◆ Exercise goal: Tally the lines of these entries that include "unfolding"; respond with only that tally.

Collected data entries
::::::::

(* Let $\mathcal S$ be an $\epsilon$-sample of $\mathcal C$ with $0<\epsilon\le1$. Let $a,b\in\mathcal S$ with $a\to b$ and let $p\in(a,b)$. Then $d_p=\min\{d(p,a),d(p,b)\}$, and $d_p<d(p,s)$ for all $s\in\mathcal S\setminus\{a,b\}$.
   Context: $\mathcal C\subset\mathbb R^d$ ($d\ge2$) is a finite union of pairwise disjoint closed curves (images of injective continuous maps $S^1\to\mathbb R^d$); $\mathcal S\subset\mathcal C$ is finite. The medial axis $\mathcal M$ is the set of points with no unique closest point in $\mathcal C$, $\mathrm{lfs}(p)=d(p,\mathcal M)$, and $\mathcal S$ is an $\epsilon$-sample if $d(p,\mathcal S)<\epsilon\,\mathrm{lfs}(p)$ for all $p\in\mathcal C$. For $p\in\mathcal C$, $d_p=d(p,\mathcal S)$. For sample points, $a\to b$ means: for a chosen orientation of the component of $\mathcal C$ containing $a,b$, moving from $a$ along the orientation, the next sample point met is $b$. With this orientation, $(a,b)$ denotes the open arc from $a$ to $b$ along the orientation. *)

theory Defs
  imports "HOL-Analysis.Analysis"
begin

definition medial_axis :: "'a::euclidean_space set \<Rightarrow> 'a set" where
  "medial_axis C = {x. \<not> (\<exists>!c. c \<in> C \<and> (\<forall>c'\<in>C. dist x c \<le> dist x c'))}"

definition lfs :: "'a::euclidean_space set \<Rightarrow> 'a \<Rightarrow> real" where
  "lfs C p = infdist p (medial_axis C)"

definition eps_sample :: "'a::euclidean_space set \<Rightarrow> 'a set \<Rightarrow> real \<Rightarrow> bool" where
  "eps_sample C S \<epsilon> \<longleftrightarrow> finite S \<and> S \<subseteq> C \<and> (\<forall>p\<in>C. infdist p S < \<epsilon> * lfs C p)"

text \<open>A closed curve is parametrised by an injective continuous map on the unit circle
  (of the complex plane); its orientation is the counterclockwise one of the parameter.
  The open arc from a to b along this orientation (for a = b: the whole curve minus a).\<close>
definition open_arc :: "(complex \<Rightarrow> 'a) \<Rightarrow> 'a \<Rightarrow> 'a \<Rightarrow> 'a set" where
  "open_arc \<gamma> a b = {p. \<exists>\<alpha> \<delta> t. \<gamma> (cis \<alpha>) = a \<and> 0 < \<delta> \<and> \<delta> \<le> 2 * pi \<and>
      \<gamma> (cis (\<alpha> + \<delta>)) = b \<and> 0 < t \<and> t < \<delta> \<and> p = \<gamma> (cis (\<alpha> + t))}"

definition next_sample :: "(complex \<Rightarrow> 'a) \<Rightarrow> 'a set \<Rightarrow> 'a \<Rightarrow> 'a \<Rightarrow> bool" where
  "next_sample \<gamma> S a b \<longleftrightarrow> a \<in> S \<and> b \<in> S \<and> a \<in> \<gamma> ` sphere 0 1 \<and> b \<in> \<gamma> ` sphere 0 1 \<and>
      open_arc \<gamma> a b \<inter> S = {}"

end

theory Submission
  imports Defs
begin
(* Let $(Q,M)$ be a two-dimensional random vector with $M\in\{-1,1\}$ almost surely and $M$ not almost surely constant (equivalently $E\ln|M|=0$, $E|M|=1$, $M$ non-degenerate), and suppose $EQ^2<\infty$. Let $(Q_n,M_n)_{n\ge1}$ be i.i.d. copies of $(Q,M)$ and define $R_0=0$, $R_n=Q_n+M_nR_{n-1}$ for $n\ge1$. Then, as $n\to\infty$, $$\frac{R_n}{\sqrt n}\xrightarrow{d}\beta\mathcal N,$$ where $\beta^2=EQ^2+2\frac{EQ}{1-EM}E(QM)$ and $\mathcal N$ is a standard normal random variable.
   Context: $\xrightarrow{d}$ denotes convergence in distribution. Note $-1<EM<1$ under the assumptions. *)

theory Defs
  imports "HOL-Probability.Probability"
begin

text \<open>Random coefficient recursion: R 0 = 0, R (n+1) = Q (n+1) + M (n+1) * R n.
  The i.i.d. copies are indexed by positive naturals (index 0 is unused).\<close>
fun perp_R :: "(nat \<Rightarrow> 'a \<Rightarrow> real) \<Rightarrow> (nat \<Rightarrow> 'a \<Rightarrow> real) \<Rightarrow> nat \<Rightarrow> 'a \<Rightarrow> real" where
  "perp_R Qs Ms 0 x = 0"
| "perp_R Qs Ms (Suc n) x = Qs (Suc n) x + Ms (Suc n) x * perp_R Qs Ms n x"

definition scaled_std_normal :: "real \<Rightarrow> real measure" where
  "scaled_std_normal \<beta> = distr (density lborel std_normal_density) borel (\<lambda>x. \<beta> * x)"

end

theory Submission
  imports Defs
begin

text \<open>With \<open>c = E Q / (1 - E M)\<close> the steps \<open>W\<^sub>k = Q\<^sub>k - c (1 - M\<^sub>k)\<close> are centred, and
  \<open>R\<^sub>n = c (1 - M\<^sub>1 \<cdots> M\<^sub>n) + \<Sum>\<^sub>k W\<^sub>k M\<^sub>k\<^sub>+\<^sub>1 \<cdots> M\<^sub>n\<close>, where the first term is bounded by \<open>2 \<bar>c\<bar>\<close>.
  The summands are not independent, but \<open>W\<^sub>k\<close> is independent of the sign \<open>M\<^sub>k\<^sub>+\<^sub>1 \<cdots> M\<^sub>n\<close> and of
  the later summands, and since that sign is \<open>\<plusminus>1\<close>, peeling off the summands one at a time
  multiplies the characteristic function by a mixture of \<open>\<phi>\<^sub>W(s)\<close> and \<open>\<phi>\<^sub>W(-s)\<close>. Both are
  \<open>1 - s\<^sup>2 E W\<^sup>2 / 2\<close> up to the usual second-order error, so the characteristic function of
  \<open>R\<^sub>n / \<surd>n\<close> behaves as in the classical central limit theorem. Finally
  \<open>E W\<^sup>2 = \<beta>\<^sup>2\<close> because \<open>M\<^sup>2 = 1\<close>.\<close>

lemma norm_iexp_diff_le: "norm (iexp a - iexp b) \<le> \<bar>a - b\<bar>"
proof -
  have "iexp a - iexp b = iexp b * (iexp (a - b) - 1)"
    by (simp add: algebra_simps exp_add[symmetric])
  then have "norm (iexp a - iexp b) = norm (iexp (a - b) - 1)"
    by (simp add: norm_mult)
  also have "\<dots> \<le> \<bar>a - b\<bar>"
    using iexp_approx1[of "a - b" 0] by simp
  finally show ?thesis .
qed

lemma (in prob_space) norm_char_diff_le:
  assumes [measurable]: "X \<in> borel_measurable M" "Y \<in> borel_measurable M"
    and close: "AE \<omega> in M. \<bar>X \<omega> - Y \<omega>\<bar> \<le> B"
  shows "norm ((\<integral>\<omega>. iexp (s * X \<omega>) \<partial>M) - (\<integral>\<omega>. iexp (s * Y \<omega>) \<partial>M)) \<le> \<bar>s\<bar> * B"
proof -
  have int: "integrable M (\<lambda>\<omega>. iexp (s * X \<omega>))" "integrable M (\<lambda>\<omega>. iexp (s * Y \<omega>))"
    by (intro integrable_iexp; simp)+
  have "norm ((\<integral>\<omega>. iexp (s * X \<omega>) \<partial>M) - (\<integral>\<omega>. iexp (s * Y \<omega>) \<partial>M))
      = norm (\<integral>\<omega>. iexp (s * X \<omega>) - iexp (s * Y \<omega>) \<partial>M)"
    using int by simp
  also have "\<dots> \<le> (\<integral>\<omega>. norm (iexp (s * X \<omega>) - iexp (s * Y \<omega>)) \<partial>M)"
    by (rule integral_norm_bound)
  also have "\<dots> \<le> (\<integral>\<omega>. \<bar>s\<bar> * B \<partial>M)"
  proof (rule integral_mono_AE)
    show "AE \<omega> in M. norm (iexp (s * X \<omega>) - iexp (s * Y \<omega>)) \<le> \<bar>s\<bar> * B"
      using close
    proof eventually_elim
      case (elim \<omega>)
      have "norm (iexp (s * X \<omega>) - iexp (s * Y \<omega>)) \<le> \<bar>s\<bar> * \<bar>X \<omega> - Y \<omega>\<bar>"
        using norm_iexp_diff_le[of "s * X \<omega>" "s * Y \<omega>"] by (simp add: abs_mult flip: right_diff_distrib)
      also have "\<dots> \<le> \<bar>s\<bar> * B" using elim by (simp add: mult_left_mono)
      finally show ?case .
    qed
  qed (use int in auto)
  finally show ?thesis by (simp add: prob_space)
qed

lemma (in prob_space) AE_prod_sign:
  assumes "finite I" and "\<And>i. i \<in> I \<Longrightarrow> AE \<omega> in M. Y i \<omega> = 1 \<or> Y i \<omega> = -1"
  shows "AE \<omega> in M. (\<Prod>i\<in>I. Y i \<omega>) = 1 \<or> (\<Prod>i\<in>I. Y i \<omega>) = (-1 :: real)"
proof -
  have "AE \<omega> in M. \<forall>i\<in>I. Y i \<omega> = 1 \<or> Y i \<omega> = -1"
    using assms by (intro eventually_ball_finite) auto
  then show ?thesis
  proof eventually_elim
    case (elim \<omega>)
    from \<open>finite I\<close> this show ?case by (induction I rule: finite_induct) auto
  qed
qed

lemma integral_eq_of_distr_eq:
  fixes g :: "'b \<Rightarrow> 'c :: {banach, second_countable_topology}"
  assumes "distr M N X = distr M N Y" "X \<in> measurable M N" "Y \<in> measurable M N"
    and "g \<in> borel_measurable N"
  shows "(\<integral>\<omega>. g (X \<omega>) \<partial>M) = (\<integral>\<omega>. g (Y \<omega>) \<partial>M)"
  using integral_distr[OF assms(2,4)] integral_distr[OF assms(3,4)] assms(1) by simp

lemma AE_of_distr_eq:
  assumes "distr M N X = distr M N Y" "X \<in> measurable M N" "Y \<in> measurable M N"
    and "{x \<in> space N. P x} \<in> sets N" and "AE \<omega> in M. P (Y \<omega>)"
  shows "AE \<omega> in M. P (X \<omega>)"
proof -
  have "AE z in distr M N Y. P z"
    using AE_distr_iff[OF assms(3,4)] assms(5) by simp
  then have "AE z in distr M N X. P z"
    unfolding assms(1) .
  then show ?thesis
    using AE_distr_iff[OF assms(2,4)] by simp
qed

text \<open>The weights are \<open>a = E[1\<^bsub>U=1\<^esub> e\<^sup>i\<^sup>s\<^sup>V]\<close> and \<open>b = E[1\<^bsub>U=-1\<^esub> e\<^sup>i\<^sup>s\<^sup>V]\<close>.\<close>
lemma (in prob_space) char_sign_mixture:
  fixes Z :: "'a \<Rightarrow> real \<times> real" and U V :: "'a \<Rightarrow> real"
  assumes indep: "indep_var (borel \<Otimes>\<^sub>M borel) Z (borel \<Otimes>\<^sub>M borel) (\<lambda>\<omega>. (U \<omega>, V \<omega>))"
    and [measurable]: "h \<in> borel_measurable (borel \<Otimes>\<^sub>M borel)"
    and sign: "AE \<omega> in M. U \<omega> = 1 \<or> U \<omega> = -1"
  obtains a b :: complex
  where "(\<integral>\<omega>. iexp (s * (U \<omega> * h (Z \<omega>) + V \<omega>)) \<partial>M)
      = (\<integral>\<omega>. iexp (s * h (Z \<omega>)) \<partial>M) * a + (\<integral>\<omega>. iexp (- s * h (Z \<omega>)) \<partial>M) * b"
    and "(\<integral>\<omega>. iexp (s * V \<omega>) \<partial>M) = a + b"
    and "norm a + norm b \<le> 1"
proof -
  have [measurable]: "Z \<in> measurable M (borel \<Otimes>\<^sub>M borel)" using indep_var_rv1[OF indep] .
  have UV: "(\<lambda>\<omega>. (U \<omega>, V \<omega>)) \<in> measurable M (borel \<Otimes>\<^sub>M borel)" using indep_var_rv2[OF indep] .
  have [measurable]: "U \<in> borel_measurable M" "V \<in> borel_measurable M"
    using measurable_compose[OF UV measurable_fst] measurable_compose[OF UV measurable_snd] by simp_all
  define A where "A \<omega> = complex_of_real ((1 + U \<omega>) / 2) * iexp (s * V \<omega>)" for \<omega>
  define B where "B \<omega> = complex_of_real ((1 - U \<omega>) / 2) * iexp (s * V \<omega>)" for \<omega>
  have [measurable]: "A \<in> borel_measurable M" "B \<in> borel_measurable M"
    unfolding A_def B_def by measurable
  have bounded: "AE \<omega> in M. norm (A \<omega>) = (1 + U \<omega>) / 2 \<and> norm (B \<omega>) = (1 - U \<omega>) / 2"
    using sign by eventually_elim (auto simp: A_def B_def norm_mult)
  have "AE \<omega> in M. norm (A \<omega>) \<le> 1 \<and> norm (B \<omega>) \<le> 1"
    using bounded sign by eventually_elim auto
  then have int_A: "integrable M A" and int_B: "integrable M B"
    by (auto intro!: integrable_const_bound[where B=1] elim: eventually_mono)
  have indep_A: "indep_var borel (\<lambda>\<omega>. iexp (s * h (Z \<omega>))) borel A"
    using indep_var_compose[OF indep, of "\<lambda>z. iexp (s * h z)" borel
        "\<lambda>z. complex_of_real ((1 + fst z) / 2) * iexp (s * snd z)" borel]
    by (simp add: comp_def A_def[abs_def])
  have indep_B: "indep_var borel (\<lambda>\<omega>. iexp (- s * h (Z \<omega>))) borel B"
    using indep_var_compose[OF indep, of "\<lambda>z. iexp (- s * h z)" borel
        "\<lambda>z. complex_of_real ((1 - fst z) / 2) * iexp (s * snd z)" borel]
    by (simp add: comp_def B_def[abs_def])
  have int_W: "integrable M (\<lambda>\<omega>. iexp (u * h (Z \<omega>)))" for u
    by (intro integrable_iexp) auto
  have "(\<integral>\<omega>. iexp (s * (U \<omega> * h (Z \<omega>) + V \<omega>)) \<partial>M)
      = (\<integral>\<omega>. iexp (s * h (Z \<omega>)) * A \<omega> + iexp (- s * h (Z \<omega>)) * B \<omega> \<partial>M)"
    by (rule integral_cong_AE)
       (use sign in \<open>auto elim!: eventually_mono simp: A_def B_def algebra_simps exp_add[symmetric]\<close>)
  also have "\<dots> = (\<integral>\<omega>. iexp (s * h (Z \<omega>)) \<partial>M) * integral\<^sup>L M A
      + (\<integral>\<omega>. iexp (- s * h (Z \<omega>)) \<partial>M) * integral\<^sup>L M B"
    using indep_var_integrable[OF indep_A int_W int_A] indep_var_integrable[OF indep_B int_W int_B]
      indep_var_lebesgue_integral[OF indep_A int_W int_A] indep_var_lebesgue_integral[OF indep_B int_W int_B]
    by (subst Bochner_Integration.integral_add) auto
  finally have mixture: "(\<integral>\<omega>. iexp (s * (U \<omega> * h (Z \<omega>) + V \<omega>)) \<partial>M) = \<dots>" .
  have "A \<omega> + B \<omega> = iexp (s * V \<omega>)" for \<omega>
  proof -
    have "(1 + U \<omega>) / 2 + (1 - U \<omega>) / 2 = (1 :: real)" by (simp add: field_simps)
    then show ?thesis unfolding A_def B_def by (metis distrib_right mult_1 of_real_1 of_real_add)
  qed
  then have split: "(\<integral>\<omega>. iexp (s * V \<omega>) \<partial>M) = integral\<^sup>L M A + integral\<^sup>L M B"
    by (subst Bochner_Integration.integral_add[OF int_A int_B, symmetric]) simp
  have "norm (integral\<^sup>L M A) + norm (integral\<^sup>L M B) \<le> (\<integral>\<omega>. norm (A \<omega>) \<partial>M) + (\<integral>\<omega>. norm (B \<omega>) \<partial>M)"
    by (intro add_mono integral_norm_bound)
  also have "\<dots> = (\<integral>\<omega>. norm (A \<omega>) + norm (B \<omega>) \<partial>M)"
    using int_A int_B by simp
  also have "\<dots> = (\<integral>\<omega>. 1 \<partial>M)"
    by (rule integral_cong_AE) (use bounded in \<open>auto elim: eventually_mono\<close>)
  finally have "norm (integral\<^sup>L M A) + norm (integral\<^sup>L M B) \<le> 1"
    by (simp add: prob_space)
  with mixture split show thesis
    by (rule that)
qed

lemma (in prob_space) norm_char_sign_mixture_le:
  fixes Z :: "'a \<Rightarrow> real \<times> real" and U V :: "'a \<Rightarrow> real"
  assumes indep: "indep_var (borel \<Otimes>\<^sub>M borel) Z (borel \<Otimes>\<^sub>M borel) (\<lambda>\<omega>. (U \<omega>, V \<omega>))"
    and "h \<in> borel_measurable (borel \<Otimes>\<^sub>M borel)"
    and sign: "AE \<omega> in M. U \<omega> = 1 \<or> U \<omega> = -1"
    and approx_pos: "norm ((\<integral>\<omega>. iexp (s * h (Z \<omega>)) \<partial>M) - \<psi>) \<le> e"
    and approx_neg: "norm ((\<integral>\<omega>. iexp (- s * h (Z \<omega>)) \<partial>M) - \<psi>) \<le> e"
  shows "norm ((\<integral>\<omega>. iexp (s * (U \<omega> * h (Z \<omega>) + V \<omega>)) \<partial>M) - \<psi> * (\<integral>\<omega>. iexp (s * V \<omega>) \<partial>M))
    \<le> e"
proof -
  obtain a b where mixture: "(\<integral>\<omega>. iexp (s * (U \<omega> * h (Z \<omega>) + V \<omega>)) \<partial>M)
      = (\<integral>\<omega>. iexp (s * h (Z \<omega>)) \<partial>M) * a + (\<integral>\<omega>. iexp (- s * h (Z \<omega>)) \<partial>M) * b"
    and split: "(\<integral>\<omega>. iexp (s * V \<omega>) \<partial>M) = a + b" and weights: "norm a + norm b \<le> 1"
    using char_sign_mixture[OF assms(1-3)] by blast
  have e_nonneg: "0 \<le> e"
    using approx_pos norm_ge_zero order.trans by blast
  have "norm ((\<integral>\<omega>. iexp (s * (U \<omega> * h (Z \<omega>) + V \<omega>)) \<partial>M) - \<psi> * (\<integral>\<omega>. iexp (s * V \<omega>) \<partial>M))
      = norm (((\<integral>\<omega>. iexp (s * h (Z \<omega>)) \<partial>M) - \<psi>) * a + ((\<integral>\<omega>. iexp (- s * h (Z \<omega>)) \<partial>M) - \<psi>) * b)"
    unfolding mixture split by (simp add: algebra_simps)
  also have "\<dots> \<le> e * norm a + e * norm b"
    by (intro norm_triangle_le add_mono, unfold norm_mult)
       (intro mult_right_mono approx_pos approx_neg norm_ge_zero)+
  also have "\<dots> \<le> e"
    using mult_left_mono[OF weights e_nonneg] by (simp add: distrib_left)
  finally show ?thesis .
qed

text \<open>Defined on paths \<open>f i = (Q\<^sub>i, M\<^sub>i)\<close> rather than on sample points, so that independence
  can be applied through restrictions of the path.\<close>
definition tail_sign :: "nat \<Rightarrow> nat \<Rightarrow> (nat \<Rightarrow> real \<times> real) \<Rightarrow> real" where
  "tail_sign n k f = (\<Prod>i\<in>{k<..n}. snd (f i))"
(* Let $(G_n)_{n\in\mathbb{N}}$ be an $\mathrm{FO}$-convergent sequence of finite graphs with modeling limit $L$, and let $\xi(x)$ be a formula in the language of graphs with one free variable such that $\xi(L)$ is finite and nonempty, $\xi(L)$ contains no nonempty proper subset of the form $\chi(L)$ for a formula $\chi(x)$ in the language of graphs, and $|\xi(G_n)|=|\xi(L)|$ for every $n$. Then for any finitely many formulas $\phi_1,\dots,\phi_k$ in the language of rooted graphs there exist a sequence $(r_n)$ with $r_n\in\xi(G_n)$ and a vertex $r\in\xi(L)$ such that $\lim_{n\to\infty}\langle\phi_i,(G_n,r_n)\rangle=\langle\phi_i,(L,r)\rangle$ for each $i\in\{1,\dots,k\}$.
   Context: Graphs are first-order structures in the language with one binary (edge) relation. For a formula $\phi$ with $p$ free variables and a structure $G$, $\phi(G)=\{\mathbf{v}\in V(G)^p : G\models\phi(\mathbf{v})\}$. The Stone pairing of $\phi$ ($p\ge1$) with a finite graph $G$ is $\langle\phi,G\rangle=|\phi(G)|/|V(G)|^p$; for sentences it is $1$ if $G\models\phi$ and $0$ otherwise. A sequence of finite graphs is $\mathrm{FO}$-convergent if $(\langle\phi,G_n\rangle)$ converges for every formula $\phi$. A modeling is a graph $L$ whose vertex set is a standard Borel space with a probability measure $\nu$ such that every first-order definable set $\phi(L)\subseteq V(L)^p$ is measurable; $\langle\phi,L\rangle=\nu^{\otimes p}(\phi(L))$ (and $1$/$0$ for sentences). $L$ is a modeling limit of $(G_n)$ if $\lim_n\langle\phi,G_n\rangle=\langle\phi,L\rangle$ for all $\phi$. The language of rooted graphs adds a constant symbol $\mathrm{Root}$; $(G,r)$ is $G$ with $\mathrm{Root}$ interpreted as $r$, and Stone pairings with rooted structures are defined in the same way. *)

theory Defs
  imports "HOL-Probability.Probability"
begin

datatype trm = Var nat | Root

datatype fm = Eq trm trm | Adj trm trm | Neg fm | Conj fm fm | Ex nat fm

fun tvars :: "trm \<Rightarrow> nat set" where
  "tvars (Var i) = {i}"
| "tvars Root = {}"

fun fv :: "fm \<Rightarrow> nat set" where
  "fv (Eq s t) = tvars s \<union> tvars t"
| "fv (Adj s t) = tvars s \<union> tvars t"
| "fv (Neg \<phi>) = fv \<phi>"
| "fv (Conj \<phi> \<psi>) = fv \<phi> \<union> fv \<psi>"
| "fv (Ex x \<phi>) = fv \<phi> - {x}"

text \<open>Formulas of the (unrooted) language of graphs: no occurrence of Root.\<close>
fun rootfree_t :: "trm \<Rightarrow> bool" where
  "rootfree_t (Var i) = True"
| "rootfree_t Root = False"

fun rootfree :: "fm \<Rightarrow> bool" where
  "rootfree (Eq s t) = (rootfree_t s \<and> rootfree_t t)"
| "rootfree (Adj s t) = (rootfree_t s \<and> rootfree_t t)"
| "rootfree (Neg \<phi>) = rootfree \<phi>"
| "rootfree (Conj \<phi> \<psi>) = (rootfree \<phi> \<and> rootfree \<psi>)"
| "rootfree (Ex x \<phi>) = rootfree \<phi>"

text \<open>Semantics in the structure with vertex set V, edge relation E and Root interpreted as r.
  (For formulas of the unrooted language the value of r is irrelevant.)\<close>
fun tval :: "'v \<Rightarrow> (nat \<Rightarrow> 'v) \<Rightarrow> trm \<Rightarrow> 'v" where
  "tval r \<sigma> (Var i) = \<sigma> i"
| "tval r \<sigma> Root = r"

fun sat :: "'v set \<Rightarrow> ('v \<Rightarrow> 'v \<Rightarrow> bool) \<Rightarrow> 'v \<Rightarrow> (nat \<Rightarrow> 'v) \<Rightarrow> fm \<Rightarrow> bool" where
  "sat V E r \<sigma> (Eq s t) = (tval r \<sigma> s = tval r \<sigma> t)"
| "sat V E r \<sigma> (Adj s t) = E (tval r \<sigma> s) (tval r \<sigma> t)"
| "sat V E r \<sigma> (Neg \<phi>) = (\<not> sat V E r \<sigma> \<phi>)"
| "sat V E r \<sigma> (Conj \<phi> \<psi>) = (sat V E r \<sigma> \<phi> \<and> sat V E r \<sigma> \<psi>)"
| "sat V E r \<sigma> (Ex x \<phi>) = (\<exists>v\<in>V. sat V E r (\<sigma>(x := v)) \<phi>)"

text \<open>Finite structure (V,E) rooted at r: the tuples of phi(G) are the assignments of the
  free variables of phi to vertices.\<close>
definition stone_fin :: "'v set \<Rightarrow> ('v \<Rightarrow> 'v \<Rightarrow> bool) \<Rightarrow> 'v \<Rightarrow> fm \<Rightarrow> real" where
  "stone_fin V E r \<phi> =
     (if fv \<phi> = {} then (if sat V E r (\<lambda>_. undefined) \<phi> then 1 else 0)
      else real (card {\<sigma> \<in> PiE (fv \<phi>) (\<lambda>_. V). sat V E r \<sigma> \<phi>})
           / real (card V) ^ card (fv \<phi>))"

::::::::

◆ Result of this task: 4